Coverage has focused far more on financial costs and Australians stranded overseas than lives saved. The country has lost 4243 people to Covid-19 out of a population of 26 million.
The head of Tourism Australia, Phillipa Harrison, said Australia has been "a little bit ridiculed" for its border closures and other rules and warned that could have an impact on its tourism recovery.
Australia, like New Zealand, has become synonymous with strictness in dealing with the coronavirus. It is a narrative that has taken hold, but is this image fair?
Both countries certainly made the most of their island borders and geographical isolation.
Australia has a death rate of 163 per million people from Covid-19 and New Zealand's is 11, according to the Worldometer website. Japan (154), South Korea (134), and Singapore (147) have also done well. Major countries with death rates over 2000 include the US, Brazil, France, the UK, Russia, Italy, Spain, Belgium and Greece.
Australia's closures of state borders and Auckland's lockdown fence have all drawn attention to Covid measures in this part of the world. It has made Australasia stick out in a pandemic that has been politicised around the world, even though other countries have also used tough requirements.
A time lag between when pandemic events such as variant surges and vaccine rollouts occurred overseas can give the impression other countries haven't also been stringent.
For instance, when New Zealand initially delayed reopening borders, Omicron was setting record case numbers overseas and vanquishing Delta. France, Ireland, the Netherlands, Norway and Denmark are just now starting to ease restrictions but their Omicron waves began towards the end of last year.

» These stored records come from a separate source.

(* Let $\mathbb{F}$ be a field, $d\geq3$ and $V$ a vector space over $\mathbb{F}$ of dimension $d+1$. Let $E^*_0,\dots,E^*_d$ be a system of mutually orthogonal idempotents in $\mathrm{End}(V)$ and $A\in\mathrm{End}(V)$ with $E^*_iAE^*_j=0$ if $|i-j|>1$ and $E^*_iAE^*_j\neq0$ if $|i-j|=1$. Assume $A$ is multiplicity-free and bipartite with primitive idempotents $E_0,\dots,E_d$ and eigenvalues $\theta_0,\dots,\theta_d$. Let $\theta^*_0,\dots,\theta^*_d\in\mathbb{F}$ be mutually distinct and $A^*=\sum_i\theta^*_iE^*_i$. Assume $E_0$ is normalizing and that in $\Delta$ the vertex $E_0$ is adjacent to $E_1$ and no other vertex. Then for $1\le i\le d-1$, $$\theta_0\frac{\theta^*_{i-1}-\theta^*_1}{\theta^*_i-\theta^*_0}\neq\theta_1\qquad\text{and}\qquad\theta_0\frac{\theta^*_{i+1}-\theta^*_1}{\theta^*_i-\theta^*_0}\neq\theta_1.$$
   Context: A system of mutually orthogonal idempotents: $E^*_iE^*_j=\delta_{ij}E^*_i$, $\operatorname{rank}E^*_i=1$. $A$ multiplicity-free: $d+1$ distinct eigenvalues in $\mathbb{F}$; $E_i$ is the projection onto the $\theta_i$-eigenspace along the other eigenspaces. Bipartite: $\operatorname{tr}(E^*_iA)=0$ for all $i$. $\Delta$: graph on $E_0,\dots,E_d$ with $E_i\neq E_j$ adjacent iff $E_iA^*E_j\neq0$. The matrix $Y$ representing $A$ w.r.t. a basis $v_0,\dots,v_d$ satisfies $Av_j=\sum_iY_{ij}v_i$. An eigenvalue $\theta$ is normalizing if some basis with $v_i\in E^*_iV$ makes every row sum of the matrix representing $A$ equal to $\theta$; $E_i$ is normalizing if $\theta_i$ is. *)

theory Defs
  imports "Jordan_Normal_Form.DL_Rank" "Jordan_Normal_Form.Char_Poly"
begin
lemma detour_cmp_balanced:
  assumes "finite V" "v \<in> V"
    and "\<And>i. 2 * class_card fst V i \<le> card V + (if i = fst v then 1 else 0)"
  shows "detour V cmp_adj v = card V"
proof -
  obtain p where "is_path V cmp_adj p" "hd p = v" "length p = card V"
    using path_cmp_spanning[OF assms(1) order_refl assms(2,3)] .
  then show ?thesis
    using length_path_le_card[OF assms(1)] by (intro detour_eqI[OF symp_cmp_adj]) auto
qed

lemma path_cmp_majority:
  assumes fin: "finite V" and A: "A \<subseteq> {u\<in>V. fst u = i0}"
    and v: "v \<in> A \<union> {u\<in>V. fst u \<noteq> i0}"
    and "card {u\<in>V. fst u \<noteq> i0} \<le> card A"
    and "card A \<le> card {u\<in>V. fst u \<noteq> i0} + (if fst v = i0 then 1 else 0)"
  obtains p where "is_path V cmp_adj p" "hd p = v" "length p = card A + card {u\<in>V. fst u \<noteq> i0}"
proof -
  let ?R = "{u\<in>V. fst u \<noteq> i0}"
  have finA: "finite A" using fin A by (auto intro: finite_subset)
  have cardS: "card (A \<union> ?R) = card A + card ?R"
    using fin finA A by (intro card_Un_disjoint) auto
  have "2 * class_card fst (A \<union> ?R) i \<le> card (A \<union> ?R) + (if i = fst v then 1 else 0)" for i
  proof (cases "i = i0")
    case True
    then have "{x \<in> A \<union> ?R. fst x = i} = A" using A by auto
    then show ?thesis using assms(5) cardS True unfolding class_card_def by auto
  next
    case False
    then have "class_card fst (A \<union> ?R) i \<le> card ?R"
      unfolding class_card_def using fin A by (intro card_mono) auto
    then show ?thesis using assms(4) cardS by auto
  qed
  then show ?thesis
    using path_cmp_spanning[of "A \<union> ?R" V v] fin finA A v that cardS by auto
qed

lemma detour_cmp_majority_part:
  assumes fin: "finite V" and maj: "card {u\<in>V. fst u \<noteq> i0} < card {u\<in>V. fst u = i0}"
    and v: "v \<in> V" "fst v = i0"
  shows "detour V cmp_adj v = 2 * card {u\<in>V. fst u \<noteq> i0} + 1"
proof -
  let ?b = "card {u\<in>V. fst u \<noteq> i0}"
  have "?b \<le> card ({u\<in>V. fst u = i0} - {v})" using maj v fin by simp
  then obtain A where A: "A \<subseteq> {u\<in>V. fst u = i0} - {v}" "card A = ?b"
    by (rule obtain_subset_with_card_n)
  have "finite A" "v \<notin> A" using fin A(1) by (auto intro: finite_subset)
  then have card_vA: "card (insert v A) = ?b + 1" using A(2) by simp
  obtain p where "is_path V cmp_adj p" "hd p = v" "length p = card (insert v A) + ?b"
    by (rule path_cmp_majority[OF fin, of "insert v A" i0 v]) (use A v card_vA in auto)
  moreover have "length q \<le> 2 * ?b + 1" if "is_path V cmp_adj q" for q
    using length_path_cmp_le[OF fin that, of i0] by (simp split: if_splits)
  ultimately show ?thesis
    using card_vA by (intro detour_eqI[OF symp_cmp_adj]) auto
qed

lemma detour_cmp_minority_part:
  assumes fin: "finite V" and maj: "card {u\<in>V. fst u \<noteq> i0} < card {u\<in>V. fst u = i0}"
    and v: "v \<in> V" "fst v \<noteq> i0"
  shows "detour V cmp_adj v = 2 * card {u\<in>V. fst u \<noteq> i0}"
proof -
  let ?b = "card {u\<in>V. fst u \<noteq> i0}"
  obtain A where A: "A \<subseteq> {u\<in>V. fst u = i0}" "card A = ?b"
    using maj by (meson less_imp_le obtain_subset_with_card_n)
  obtain p where "is_path V cmp_adj p" "hd p = v" "length p = card A + ?b"
    by (rule path_cmp_majority[OF fin A(1)]) (use A(2) v in auto)
  moreover have "length q \<le> 2 * ?b" if "is_path V cmp_adj q" "hd q = v" for q
    using length_path_cmp_le[OF fin that(1), of i0] that(2) v(2) by simp
  ultimately show ?thesis
    using A(2) by (intro detour_eqI[OF symp_cmp_adj]) auto
qed

lemma detour_seq_cmp_majority:
  assumes fin: "finite V" and maj: "card {u\<in>V. fst u \<noteq> i0} < card {u\<in>V. fst u = i0}"
  defines "b \<equiv> card {u\<in>V. fst u \<noteq> i0}"
  shows "detour_seq V cmp_adj =
    replicate b (2 * b) @ replicate (card {u\<in>V. fst u = i0}) (2 * b + 1)"
  unfolding b_def
  using detour_cmp_minority_part[OF fin maj] detour_cmp_majority_part[OF fin maj] fin
  by (intro detour_seq_two_values) auto

lemma detour_seq_cmp_balanced:
  assumes "finite V" "\<And>i. 2 * class_card fst V i \<le> card V"
  shows "detour_seq V cmp_adj = replicate (card V) (card V)"
proof -
  have "detour V cmp_adj v = card V" if "v \<in> V" for v
    by (rule detour_cmp_balanced[OF assms(1) that]) (simp add: assms(2) trans_le_add1)
  then show ?thesis
    using detour_seq_two_values[of V V "{}" "card V" "card V" cmp_adj] assms(1) by simp
qed

lemma connected_graph_cmp_iff:
  "connected_graph V cmp_adj \<longleftrightarrow>
    V \<noteq> {} \<and> (\<forall>u\<in>V. \<forall>v\<in>V. u \<noteq> v \<longrightarrow> (\<exists>w\<in>V. fst w \<noteq> fst u))"
proof
  assume conn: "connected_graph V cmp_adj"
  have "\<exists>w\<in>V. fst w \<noteq> fst u" if uv: "u \<in> V" "v \<in> V" "u \<noteq> v" for u v
  proof -
    obtain p where p: "is_path V cmp_adj p" "hd p = u" "last p = v"
      using conn uv unfolding connected_graph_def by blast
    then obtain q where "p = u # q" "q \<noteq> []"
      using uv(3) unfolding is_path_def by (metis last.simps list.collapse)
    then have "hd q \<in> V" "fst (hd q) \<noteq> fst u"
      using p(1) unfolding is_path_cmp_adj_iff by (auto simp: successively_Cons)
    then show ?thesis by blast
  qed
  then show "V \<noteq> {} \<and> (\<forall>u\<in>V. \<forall>v\<in>V. u \<noteq> v \<longrightarrow> (\<exists>w\<in>V. fst w \<noteq> fst u))"
    using conn unfolding connected_graph_def by blast
next
  assume V: "V \<noteq> {} \<and> (\<forall>u\<in>V. \<forall>v\<in>V. u \<noteq> v \<longrightarrow> (\<exists>w\<in>V. fst w \<noteq> fst u))"
  have "\<exists>p. is_path V cmp_adj p \<and> hd p = u \<and> last p = v" if uv: "u \<in> V" "v \<in> V" for u v
  proof (cases "u = v")
    case True
    then show ?thesis using uv by (intro exI[of _ "[u]"]) (simp add: is_path_cmp_adj_iff)
  next
    case False
    then obtain w where w: "w \<in> V" "fst w \<noteq> fst u" using V uv by blast
    show ?thesis
    proof (cases "fst u = fst v")
      case True
      then show ?thesis using uv w False
        by (intro exI[of _ "[u, w, v]"]) (auto simp: is_path_cmp_adj_iff)
    next
      case False
      then show ?thesis using uv \<open>u \<noteq> v\<close>
        by (intro exI[of _ "[u, v]"]) (auto simp: is_path_cmp_adj_iff)
    qed
  qed
  then show "connected_graph V cmp_adj" using V unfolding connected_graph_def by blast
qed
lemma SUP_G_obj_eq_aug_obj:
  assumes q0: "augustin_mean q0"
  shows "ereal (entropy p) + (SUP r\<in>{r. is_channel r}. G_obj \<alpha> p W r) = ereal (aug_obj q0)"
proof -
  have feasible: "feasible q0" using q0 by (simp add: augustin_mean_def)
  have "ereal (entropy p) + (SUP r\<in>{r. is_channel r}. G_obj \<alpha> p W r)
      = (SUP r\<in>{r. is_channel r}. ereal (entropy p) + G_obj \<alpha> p W r)"
    using is_channel_reverse[OF q0] by (intro SUP_ereal_add_right[symmetric]) auto
  also have "\<dots> = ereal (aug_obj q0)"
  proof (rule antisym)
    show "(SUP r\<in>{r. is_channel r}. ereal (entropy p) + G_obj \<alpha> p W r) \<le> ereal (aug_obj q0)"
      using entropy_plus_G_obj_le_avg_renyi[OF feasibleD(1)[OF feasible]]
        avg_renyi_feasible[OF feasible] by (intro SUP_least) auto
    show "ereal (aug_obj q0) \<le> (SUP r\<in>{r. is_channel r}. ereal (entropy p) + G_obj \<alpha> p W r)"
      using is_channel_reverse[OF q0] entropy_plus_G_obj_reverse[OF q0]
      by (intro SUP_upper2[of "reverse q0"]) auto
  qed
  finally show ?thesis .
qed

end
lemma kernel_sigma_norm_inequality:
  fixes M :: "'a::real_inner \<Rightarrow> 'b::real_inner"
  assumes "bounded_linear M" and "RIP M (diff_set \<Sigma>) \<delta>" and "cone \<Sigma>" and "M z = 0"
    and "(1 + s) *\<^sub>R x \<in> \<Sigma>" and "(1 - s) *\<^sub>R x \<in> \<Sigma>" and "atom_scales \<Sigma> (x + z) \<noteq> {}"
  shows "0 \<le> \<delta> * ((Inf (atom_scales \<Sigma> (x + z)))\<^sup>2 - (norm x)\<^sup>2 - 2 * (x \<bullet> z) + s\<^sup>2 * (norm x)\<^sup>2)
             + 2 * s * (x \<bullet> z)"
proof -
  let ?T = "atom_scales \<Sigma> (x + z)"
  let ?K = "{t. 0 \<le> \<delta> * (t\<^sup>2 - (norm x)\<^sup>2 - 2 * (x \<bullet> z) + s\<^sup>2 * (norm x)\<^sup>2) + 2 * s * (x \<bullet> z)}"
  have "closure ?T \<subseteq> ?K"
    using kernel_atom_scale_inequality[OF assms(1-6)]
    by (intro closure_minimal) (auto intro!: closed_Collect_le continuous_intros)
  moreover have "bdd_below ?T" unfolding atom_scales_def by (rule bdd_belowI[of _ 0]) auto
  then have "Inf ?T \<in> closure ?T" using closure_contains_Inf assms(7) by blast
  ultimately show ?thesis by blast
qed

lemma UoS_quotient_bound:
  fixes nx R a \<delta> :: real
  assumes "nx > 0" and "R > 0"
    and "0 \<le> \<delta> * (R + (sqrt R / nx)\<^sup>2 * nx\<^sup>2) + 2 * (sqrt R / nx) * a"
  shows "- a / (nx * sqrt R) \<le> \<delta>"
proof -
  have "(sqrt R / nx)\<^sup>2 * nx\<^sup>2 = R" using assms(1,2) by (simp add: power_divide)
  then have "0 \<le> (nx / (2 * sqrt R)) * (\<delta> * (2 * R) + 2 * (sqrt R / nx) * a)"
    using assms by simp
  also have "\<dots> = \<delta> * (nx * sqrt R) + a"
    using assms(1,2) by (simp add: field_simps power2_eq_square)
  finally have "- a \<le> \<delta> * (nx * sqrt R)" by simp
  moreover have "nx * sqrt R > 0" using assms(1,2) by simp
  ultimately show ?thesis
    using pos_divide_le_eq[of "nx * sqrt R" "- a" \<delta>] by (simp add: mult.commute)
qed

lemma delta_pair_le_of_quadratic_bound:
  fixes \<Sigma> :: "'a::real_inner set" and x z :: 'a and N \<delta> :: real
  defines "R \<equiv> N\<^sup>2 - (norm x)\<^sup>2 - 2 * (x \<bullet> z)"
  assumes "cone \<Sigma>" and x: "x \<in> \<Sigma>" "x \<noteq> 0" and sn: "sigma_norm \<Sigma> (x + z) = ereal N"
    and "R > 0"
    and bound: "\<And>s. (1 + s) *\<^sub>R x \<in> \<Sigma> \<Longrightarrow> (1 - s) *\<^sub>R x \<in> \<Sigma> \<Longrightarrow>
                  0 \<le> \<delta> * (R + s\<^sup>2 * (norm x)\<^sup>2) + 2 * s * (x \<bullet> z)"
  shows "delta_pair \<Sigma> x z \<le> \<delta>"
proof (cases "is_UoS \<Sigma>")
  case True
  have "delta_pair \<Sigma> x z = - (x \<bullet> z) / (norm x * sqrt R)"
    using sn True unfolding delta_pair_def R_def by (simp add: Let_def)
  also have "\<dots> \<le> \<delta>"
    using bound[of "sqrt R / norm x"] True x \<open>R > 0\<close>
    by (intro UoS_quotient_bound) (auto simp: is_UoS_def mult.assoc)
  finally show ?thesis .
next
  case False
  have "(1 + 1) *\<^sub>R x \<in> \<Sigma>" and "(1 - 1) *\<^sub>R x \<in> \<Sigma>"
    using \<open>cone \<Sigma>\<close> x(1) cone_contains_0 unfolding cone_def by auto
  then have "- 2 * (x \<bullet> z) \<le> \<delta> * (N\<^sup>2 - 2 * (x \<bullet> z))"
    using bound[of 1] unfolding R_def by simp
  moreover have "N\<^sup>2 - 2 * (x \<bullet> z) > 0"
    using \<open>R > 0\<close> unfolding R_def by (smt (verit) zero_le_power2)
  ultimately have "- 2 * (x \<bullet> z) / (N\<^sup>2 - 2 * (x \<bullet> z)) \<le> \<delta>"
    by (metis pos_divide_le_eq mult.commute)
  then show ?thesis
    using sn False unfolding delta_pair_def by (simp add: Let_def)
qed
lemma energy_at_bot: "(energy \<longlongrightarrow> 0) at_bot"
proof -
  have "(Q \<longlongrightarrow> 0) at_bot"
    using tendsto_mult[OF exp_k_at_bot tendsto_compose_exp_at_bot[OF M_deriv]] by (simp add: Q_def[abs_def])
  moreover have "(dQ \<longlongrightarrow> 0) at_bot"
    using tendsto_mult[OF exp_k_at_bot dQ_factor_at_bot] by (simp add: dQ_def[abs_def])
  moreover have "((\<lambda>s. (exp s)\<^sup>2 * \<phi> (exp s) / M (exp s)) \<longlongrightarrow> 0\<^sup>2 * \<phi> 0 / M 0) at_bot"
    using M_pos[of 0]
    by (intro tendsto_intros exp_at_bot tendsto_compose_exp_at_bot[OF phi_deriv] tendsto_compose_exp_at_bot[OF M_deriv]) simp
  then have "(u \<longlongrightarrow> 0) at_bot"
    by (simp add: u_def[abs_def])
  ultimately have "(energy \<longlongrightarrow> c1 / 2 * 0\<^sup>2 - c2 * 0\<^sup>2 * (A / 2 - \<rho> * m / (1 + m) * 0)) at_bot"
    unfolding energy_def[abs_def] by (intro tendsto_intros)
  then show ?thesis by simp
qed

lemma energy_antimono: "antimono energy"
proof (rule antimonoI)
  fix s t :: real
  assume "s \<le> t"
  then show "energy t \<le> energy s"
  proof (rule DERIV_nonpos_imp_nonincreasing)
    fix x
    show "\<exists>y. (energy has_real_derivative y) (at x) \<and> y \<le> 0"
      using energy_deriv[of x] beta_pos m_pos u_pos[of x] by auto
  qed
qed

lemma energy_nonpos: "energy s \<le> 0"
proof (rule ccontr)
  assume "\<not> energy s \<le> 0"
  then obtain t where "t \<le> s" "energy t < energy s"
    using order_tendstoD(2)[OF energy_at_bot, of "energy s"] eventually_at_bot_linorder[of "\<lambda>t. energy t < energy s"]
    by (metis linorder_not_le nle_le)
  then show False using antimonoD[OF energy_antimono] by fastforce
qed

lemma energy_neg: "\<exists>s. energy s < 0"
proof -
  obtain t where t: "\<And>s. s \<le> t \<Longrightarrow> k * M (exp s) + exp s * M' (exp s) > 0"
    using order_tendstoD(1)[OF dQ_factor_at_bot, of 0] k_pos M_pos[of 0]
    by (auto simp: eventually_at_bot_linorder)
  obtain z where z: "t - 1 < z" "z < t" and "energy t - energy (t - 1) = - (\<beta> / m) * u z * (dQ z)\<^sup>2"
    using MVT2[of "t - 1" t energy "\<lambda>s. - (\<beta> / m) * u s * (dQ s)\<^sup>2"] energy_deriv by auto
  moreover have "dQ z > 0" using t[of z] z by (simp add: dQ_def)
  then have "(\<beta> / m) * u z * (dQ z)\<^sup>2 > 0" using beta_pos m_pos u_pos[of z] by simp
  ultimately have "energy t < energy (t - 1)" by simp
  then show ?thesis using energy_nonpos[of "t - 1"] by (intro exI[of _ t]) simp
qed

definition "u_max = A * (1 + m) / (2 * \<rho> * m)"

lemma energy_ge: "energy s \<ge> - (c2 * (Q s)\<^sup>2 * (A / 2))"
proof -
  have "c2 * (Q s)\<^sup>2 * (A / 2 - \<rho> * m / (1 + m) * u s) \<le> c2 * (Q s)\<^sup>2 * (A / 2)"
    using c2_pos rho_pos m_pos u_pos[of s] by (intro mult_left_mono) auto
  moreover have "0 \<le> c1 / 2 * (dQ s)\<^sup>2" using c1_pos by simp
  ultimately show ?thesis unfolding energy_def by linarith
qed

lemma u_le_u_max: "u s \<le> u_max"
proof -
  have "0 \<le> c1 / 2 * (dQ s)\<^sup>2" using c1_pos by simp
  then have "0 \<le> c2 * (Q s)\<^sup>2 * (A / 2 - \<rho> * m / (1 + m) * u s)"
    using energy_nonpos[of s] unfolding energy_def by linarith
  moreover have "0 < c2 * (Q s)\<^sup>2" using c2_pos Q_pos[of s] by simp
  ultimately have "u s * (\<rho> * m / (1 + m)) \<le> A / 2"
    by (simp add: zero_le_mult_iff mult.commute)
  moreover have "\<rho> * m / (1 + m) > 0"
    using rho_pos m_pos by simp
  ultimately have "u s \<le> (A / 2) / (\<rho> * m / (1 + m))"
    by (metis pos_le_divide_eq)
  also have "\<dots> = u_max"
    by (simp add: u_max_def)
  finally show ?thesis .
qed

lemma dQ_sq_le: "c1 * (dQ s)\<^sup>2 \<le> c2 * A * (Q s)\<^sup>2"
proof -
  have "c1 / 2 * (dQ s)\<^sup>2 \<le> c2 * (Q s)\<^sup>2 * (A / 2 - \<rho> * m / (1 + m) * u s)"
    using energy_nonpos[of s] by (simp add: energy_def)
  also have "\<dots> \<le> c2 * (Q s)\<^sup>2 * (A / 2)"
    using c2_pos rho_pos m_pos u_pos[of s] by (intro mult_left_mono) auto
  finally show ?thesis by (simp add: algebra_simps)
qed

lemma orbit_bounded:
  obtains B where "\<And>s. Q s \<le> B" and "\<And>s. u s \<le> B" and "\<And>s. \<bar>dQ s\<bar> \<le> B"
proof -
  define Q_max where "Q_max = u_max powr (m / (1 - m))"
  define dQ_max where "dQ_max = sqrt (c2 * A / c1) * Q_max"
  have Q_le: "Q s \<le> Q_max" for s
  proof -
    have "Q s = u s powr (m / (1 - m))"
      using Q_pos[of s] m_pos m_lt_1 by (simp add: u_eq_Q_powr powr_powr)
    also have "\<dots> \<le> Q_max"
      unfolding Q_max_def using u_le_u_max u_pos[of s] m_pos m_lt_1 by (intro powr_mono2) auto
    finally show ?thesis .
  qed
  have "\<bar>dQ s\<bar> \<le> dQ_max" for s
  proof -
    have "(dQ s)\<^sup>2 \<le> c2 * A / c1 * (Q s)\<^sup>2"
      using dQ_sq_le[of s] c1_pos by (simp add: field_simps)
    then have "\<bar>dQ s\<bar> \<le> sqrt (c2 * A / c1 * (Q s)\<^sup>2)"
      by (simp add: real_le_rsqrt)
    also have "\<dots> = sqrt (c2 * A / c1) * Q s"
      unfolding real_sqrt_mult real_sqrt_abs using Q_pos[of s] by simp
    also have "\<dots> \<le> dQ_max"
      unfolding dQ_max_def using Q_le[of s] c1_pos c2_pos A_pos by (intro mult_left_mono) auto
    finally show ?thesis .
  qed
  then show ?thesis
    using Q_le u_le_u_max by (intro that[of "max Q_max (max u_max dQ_max)"]) (auto simp: le_max_iff_disj)
qed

On the Oxford Stringency Index, which tracks governments' coronavirus responses, neither Australia or New Zealand's ratings - 55.56 and 62.04 - are out of the ordinary. For instance, Canada, Italy, Greece, Germany and France are rated more stringent.
New Zealand has had vaccination mandates in sectors such as health, education, emergency services, police, and defence.
In Europe a variety of mandates target specific groups. Germany requires vaccination for the military, in Britain it is compulsory for nursing-home staff. Greece has ordered people aged 60-plus to have it and in Italy people over 50 can be fined if they aren't vaccinated. Austria requires most aged 18 and over to get vaccinated against Covid-19.
European countries have had extensive border and travel requirements. In December France temporarily banned travellers from Britain and Germany imposed quarantine on them. There has also been extensive use of vaccine passports. Ireland had a night-time curfew in December.
Several European countries have used outdoor mask mandates and required the wearing of specific types of high-quality masks. America's most populous county of Los Angeles has had a mask mandate for large outdoor events as well as for outdoor spaces at schools and childcare places - on top of indoor mask requirements.
Citizens in other countries have been confronted with huge death counts, infections and long Covid. That's family members and friends lost.
Kiwi expats have drawn attention to the shortcomings of MIQ, but a new poll shows most voters steady in their views on how the Government is performing.
Once most countries are reconnecting and the pandemic eases, the figures remaining for posterity will show how countries fared in health and overall economic terms.